[Opening Working data section]

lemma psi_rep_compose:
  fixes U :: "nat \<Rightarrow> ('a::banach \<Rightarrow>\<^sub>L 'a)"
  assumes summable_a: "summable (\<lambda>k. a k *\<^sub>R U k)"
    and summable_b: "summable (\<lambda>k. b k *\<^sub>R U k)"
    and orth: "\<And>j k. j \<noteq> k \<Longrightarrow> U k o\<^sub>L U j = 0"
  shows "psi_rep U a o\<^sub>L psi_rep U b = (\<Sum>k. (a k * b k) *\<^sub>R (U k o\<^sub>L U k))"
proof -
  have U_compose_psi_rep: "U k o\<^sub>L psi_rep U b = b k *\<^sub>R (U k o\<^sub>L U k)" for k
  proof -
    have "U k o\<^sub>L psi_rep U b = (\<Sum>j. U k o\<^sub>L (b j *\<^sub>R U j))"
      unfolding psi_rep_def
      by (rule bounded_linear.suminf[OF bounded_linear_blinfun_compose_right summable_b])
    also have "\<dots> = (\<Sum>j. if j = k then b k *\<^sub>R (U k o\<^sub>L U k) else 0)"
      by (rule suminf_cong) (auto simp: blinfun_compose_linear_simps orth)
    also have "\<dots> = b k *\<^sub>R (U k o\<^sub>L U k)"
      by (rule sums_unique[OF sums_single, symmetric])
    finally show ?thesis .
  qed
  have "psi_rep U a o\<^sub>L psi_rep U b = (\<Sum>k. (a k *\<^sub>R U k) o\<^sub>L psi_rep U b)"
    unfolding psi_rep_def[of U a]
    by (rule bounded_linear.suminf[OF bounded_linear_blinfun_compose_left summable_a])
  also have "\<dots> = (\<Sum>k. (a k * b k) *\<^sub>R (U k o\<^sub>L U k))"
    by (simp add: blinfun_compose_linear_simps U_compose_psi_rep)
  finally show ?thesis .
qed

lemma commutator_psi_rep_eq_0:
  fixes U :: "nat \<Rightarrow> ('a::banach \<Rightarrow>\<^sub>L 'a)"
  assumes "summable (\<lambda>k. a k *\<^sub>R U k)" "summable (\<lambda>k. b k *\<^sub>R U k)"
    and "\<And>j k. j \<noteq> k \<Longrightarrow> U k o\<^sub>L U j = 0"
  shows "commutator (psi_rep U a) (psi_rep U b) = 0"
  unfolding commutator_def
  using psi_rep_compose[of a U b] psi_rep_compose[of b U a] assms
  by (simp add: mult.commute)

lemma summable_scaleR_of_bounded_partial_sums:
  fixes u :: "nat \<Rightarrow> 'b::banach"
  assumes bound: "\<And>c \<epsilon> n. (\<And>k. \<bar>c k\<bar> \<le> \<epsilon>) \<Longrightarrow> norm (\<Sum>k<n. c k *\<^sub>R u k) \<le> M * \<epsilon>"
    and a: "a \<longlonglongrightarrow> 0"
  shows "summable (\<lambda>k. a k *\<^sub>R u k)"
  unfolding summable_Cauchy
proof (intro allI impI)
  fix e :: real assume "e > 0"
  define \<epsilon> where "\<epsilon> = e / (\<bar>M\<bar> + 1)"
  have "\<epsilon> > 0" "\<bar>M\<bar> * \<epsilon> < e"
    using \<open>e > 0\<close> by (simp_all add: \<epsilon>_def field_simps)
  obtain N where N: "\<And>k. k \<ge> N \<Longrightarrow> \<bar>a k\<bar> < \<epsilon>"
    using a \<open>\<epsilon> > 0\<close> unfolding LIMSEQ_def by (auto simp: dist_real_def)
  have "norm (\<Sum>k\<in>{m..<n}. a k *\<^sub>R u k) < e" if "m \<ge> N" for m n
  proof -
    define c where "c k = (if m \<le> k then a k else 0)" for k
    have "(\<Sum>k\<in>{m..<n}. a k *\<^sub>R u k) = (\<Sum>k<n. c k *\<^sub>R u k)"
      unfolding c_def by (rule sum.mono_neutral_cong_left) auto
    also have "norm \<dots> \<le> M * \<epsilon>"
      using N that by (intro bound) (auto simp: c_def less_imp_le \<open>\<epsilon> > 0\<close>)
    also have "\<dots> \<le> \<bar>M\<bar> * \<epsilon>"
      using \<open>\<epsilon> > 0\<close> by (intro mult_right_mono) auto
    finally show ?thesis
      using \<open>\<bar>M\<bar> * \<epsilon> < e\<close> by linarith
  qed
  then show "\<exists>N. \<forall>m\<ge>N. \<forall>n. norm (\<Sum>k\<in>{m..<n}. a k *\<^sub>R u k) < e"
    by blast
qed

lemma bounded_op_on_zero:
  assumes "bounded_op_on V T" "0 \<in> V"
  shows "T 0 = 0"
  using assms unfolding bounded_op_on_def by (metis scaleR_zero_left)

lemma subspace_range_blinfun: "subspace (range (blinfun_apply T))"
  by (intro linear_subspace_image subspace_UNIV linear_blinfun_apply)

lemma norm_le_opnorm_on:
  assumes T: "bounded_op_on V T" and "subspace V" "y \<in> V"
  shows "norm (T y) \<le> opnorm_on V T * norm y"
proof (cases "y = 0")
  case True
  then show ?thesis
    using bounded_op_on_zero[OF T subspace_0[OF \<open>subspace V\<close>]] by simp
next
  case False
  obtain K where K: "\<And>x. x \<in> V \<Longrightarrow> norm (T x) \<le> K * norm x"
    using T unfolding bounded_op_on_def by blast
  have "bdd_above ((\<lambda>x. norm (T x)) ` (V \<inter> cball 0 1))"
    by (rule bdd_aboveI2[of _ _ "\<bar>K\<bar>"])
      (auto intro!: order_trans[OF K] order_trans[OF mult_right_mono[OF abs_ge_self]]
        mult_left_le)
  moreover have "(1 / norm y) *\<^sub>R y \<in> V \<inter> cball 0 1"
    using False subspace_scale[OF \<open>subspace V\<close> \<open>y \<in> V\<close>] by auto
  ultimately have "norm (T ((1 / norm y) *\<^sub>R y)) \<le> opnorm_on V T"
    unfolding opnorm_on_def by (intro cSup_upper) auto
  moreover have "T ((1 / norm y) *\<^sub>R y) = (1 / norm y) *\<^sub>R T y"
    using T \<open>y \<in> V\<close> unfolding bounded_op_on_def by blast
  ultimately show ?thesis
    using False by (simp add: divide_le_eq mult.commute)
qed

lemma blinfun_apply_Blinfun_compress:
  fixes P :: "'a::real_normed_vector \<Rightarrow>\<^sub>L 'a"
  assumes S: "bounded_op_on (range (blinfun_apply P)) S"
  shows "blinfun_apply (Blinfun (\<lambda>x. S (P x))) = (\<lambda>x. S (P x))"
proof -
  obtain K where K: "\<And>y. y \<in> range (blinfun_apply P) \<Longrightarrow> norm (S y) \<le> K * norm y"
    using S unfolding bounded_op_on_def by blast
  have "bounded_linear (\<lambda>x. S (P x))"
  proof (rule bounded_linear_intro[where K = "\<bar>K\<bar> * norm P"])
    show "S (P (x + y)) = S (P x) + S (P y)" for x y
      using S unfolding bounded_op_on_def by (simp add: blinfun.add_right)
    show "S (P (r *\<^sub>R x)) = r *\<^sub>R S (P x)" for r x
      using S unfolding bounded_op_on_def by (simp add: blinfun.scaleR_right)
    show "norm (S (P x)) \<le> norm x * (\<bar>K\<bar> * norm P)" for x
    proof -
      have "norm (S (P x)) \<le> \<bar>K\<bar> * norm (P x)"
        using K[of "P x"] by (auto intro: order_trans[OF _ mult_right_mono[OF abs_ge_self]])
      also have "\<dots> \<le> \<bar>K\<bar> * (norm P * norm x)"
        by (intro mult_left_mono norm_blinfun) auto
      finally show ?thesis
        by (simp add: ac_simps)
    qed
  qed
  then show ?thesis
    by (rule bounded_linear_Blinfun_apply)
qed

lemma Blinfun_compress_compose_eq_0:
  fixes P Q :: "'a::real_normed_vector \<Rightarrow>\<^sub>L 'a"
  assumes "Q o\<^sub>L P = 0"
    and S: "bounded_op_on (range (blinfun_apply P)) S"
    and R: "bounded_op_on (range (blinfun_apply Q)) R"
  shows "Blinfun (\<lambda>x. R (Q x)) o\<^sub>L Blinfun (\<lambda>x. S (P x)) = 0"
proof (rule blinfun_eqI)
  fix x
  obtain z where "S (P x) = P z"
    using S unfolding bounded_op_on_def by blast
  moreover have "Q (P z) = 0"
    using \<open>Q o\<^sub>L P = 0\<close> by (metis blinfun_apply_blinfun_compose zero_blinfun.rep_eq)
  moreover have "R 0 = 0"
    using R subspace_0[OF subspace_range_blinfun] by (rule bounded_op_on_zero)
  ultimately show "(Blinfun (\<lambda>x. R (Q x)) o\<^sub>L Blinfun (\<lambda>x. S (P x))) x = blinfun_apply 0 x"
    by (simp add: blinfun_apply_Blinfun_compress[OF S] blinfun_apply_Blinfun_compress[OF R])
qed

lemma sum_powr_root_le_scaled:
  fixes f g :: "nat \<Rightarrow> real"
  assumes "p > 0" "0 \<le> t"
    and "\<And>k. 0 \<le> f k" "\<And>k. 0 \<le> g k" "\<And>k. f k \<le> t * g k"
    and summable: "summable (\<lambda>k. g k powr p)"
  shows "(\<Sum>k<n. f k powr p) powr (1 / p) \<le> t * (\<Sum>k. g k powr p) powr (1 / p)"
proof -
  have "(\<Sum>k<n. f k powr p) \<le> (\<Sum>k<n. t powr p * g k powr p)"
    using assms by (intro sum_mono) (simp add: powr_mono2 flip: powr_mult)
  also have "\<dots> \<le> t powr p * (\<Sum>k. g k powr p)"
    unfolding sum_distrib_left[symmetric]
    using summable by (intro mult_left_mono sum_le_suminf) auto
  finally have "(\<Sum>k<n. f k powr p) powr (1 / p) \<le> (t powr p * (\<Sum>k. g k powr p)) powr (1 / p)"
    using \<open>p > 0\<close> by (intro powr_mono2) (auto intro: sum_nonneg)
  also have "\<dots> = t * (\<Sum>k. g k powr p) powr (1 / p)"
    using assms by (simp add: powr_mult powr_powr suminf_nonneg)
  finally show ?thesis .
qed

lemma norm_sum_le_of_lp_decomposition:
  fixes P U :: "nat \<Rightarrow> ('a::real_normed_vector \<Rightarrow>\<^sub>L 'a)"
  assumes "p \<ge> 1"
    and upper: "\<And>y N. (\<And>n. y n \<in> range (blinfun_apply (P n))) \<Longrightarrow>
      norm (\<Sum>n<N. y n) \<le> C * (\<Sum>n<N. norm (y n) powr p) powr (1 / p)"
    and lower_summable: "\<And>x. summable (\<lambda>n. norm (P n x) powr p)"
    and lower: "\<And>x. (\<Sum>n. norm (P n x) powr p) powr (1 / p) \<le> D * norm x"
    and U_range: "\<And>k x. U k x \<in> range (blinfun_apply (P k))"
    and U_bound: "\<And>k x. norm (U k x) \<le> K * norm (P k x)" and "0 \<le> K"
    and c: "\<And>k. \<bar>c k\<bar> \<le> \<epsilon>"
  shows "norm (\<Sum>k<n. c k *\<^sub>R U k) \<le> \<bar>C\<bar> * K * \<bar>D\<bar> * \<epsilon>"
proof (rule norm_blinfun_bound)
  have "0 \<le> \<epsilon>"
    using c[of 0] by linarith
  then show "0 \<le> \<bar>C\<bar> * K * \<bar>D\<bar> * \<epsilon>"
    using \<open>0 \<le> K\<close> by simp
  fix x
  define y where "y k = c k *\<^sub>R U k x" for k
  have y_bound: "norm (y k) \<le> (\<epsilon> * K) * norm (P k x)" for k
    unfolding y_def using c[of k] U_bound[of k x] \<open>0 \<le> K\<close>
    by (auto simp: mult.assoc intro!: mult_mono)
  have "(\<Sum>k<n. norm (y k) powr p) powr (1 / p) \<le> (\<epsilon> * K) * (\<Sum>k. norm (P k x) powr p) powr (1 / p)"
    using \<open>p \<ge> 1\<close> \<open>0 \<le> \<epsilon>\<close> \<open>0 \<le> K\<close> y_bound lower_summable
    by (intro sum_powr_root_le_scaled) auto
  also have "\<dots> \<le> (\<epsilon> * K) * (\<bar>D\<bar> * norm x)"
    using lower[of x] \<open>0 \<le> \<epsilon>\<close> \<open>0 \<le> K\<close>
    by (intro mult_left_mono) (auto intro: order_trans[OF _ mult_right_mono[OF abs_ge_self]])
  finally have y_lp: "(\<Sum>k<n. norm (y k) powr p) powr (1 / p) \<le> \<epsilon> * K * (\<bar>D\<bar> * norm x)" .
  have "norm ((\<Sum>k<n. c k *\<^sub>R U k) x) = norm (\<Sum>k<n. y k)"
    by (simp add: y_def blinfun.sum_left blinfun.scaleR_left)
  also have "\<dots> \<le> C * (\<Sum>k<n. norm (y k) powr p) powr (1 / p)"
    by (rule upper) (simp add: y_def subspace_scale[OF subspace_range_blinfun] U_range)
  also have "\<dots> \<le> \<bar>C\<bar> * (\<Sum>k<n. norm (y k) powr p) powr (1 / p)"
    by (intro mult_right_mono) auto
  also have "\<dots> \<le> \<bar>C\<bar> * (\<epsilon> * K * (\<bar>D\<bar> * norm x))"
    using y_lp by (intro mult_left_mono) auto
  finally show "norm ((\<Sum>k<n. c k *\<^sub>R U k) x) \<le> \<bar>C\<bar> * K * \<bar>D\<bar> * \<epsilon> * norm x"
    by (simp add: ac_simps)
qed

[Closing Working data section]

Task: Please show, exactly as written, every line above that contains the word "where".

Response:
  define \<epsilon> where "\<epsilon> = e / (\<bar>M\<bar> + 1)"
  obtain N where N: "\<And>k. k \<ge> N \<Longrightarrow> \<bar>a k\<bar> < \<epsilon>"
    define c where "c k = (if m \<le> k then a k else 0)" for k
  obtain K where K: "\<And>x. x \<in> V \<Longrightarrow> norm (T x) \<le> K * norm x"
  obtain K where K: "\<And>y. y \<in> range (blinfun_apply P) \<Longrightarrow> norm (S y) \<le> K * norm y"
  proof (rule bounded_linear_intro[where K = "\<bar>K\<bar> * norm P"])
  obtain z where "S (P x) = P z"
  define y where "y k = c k *\<^sub>R U k x" for k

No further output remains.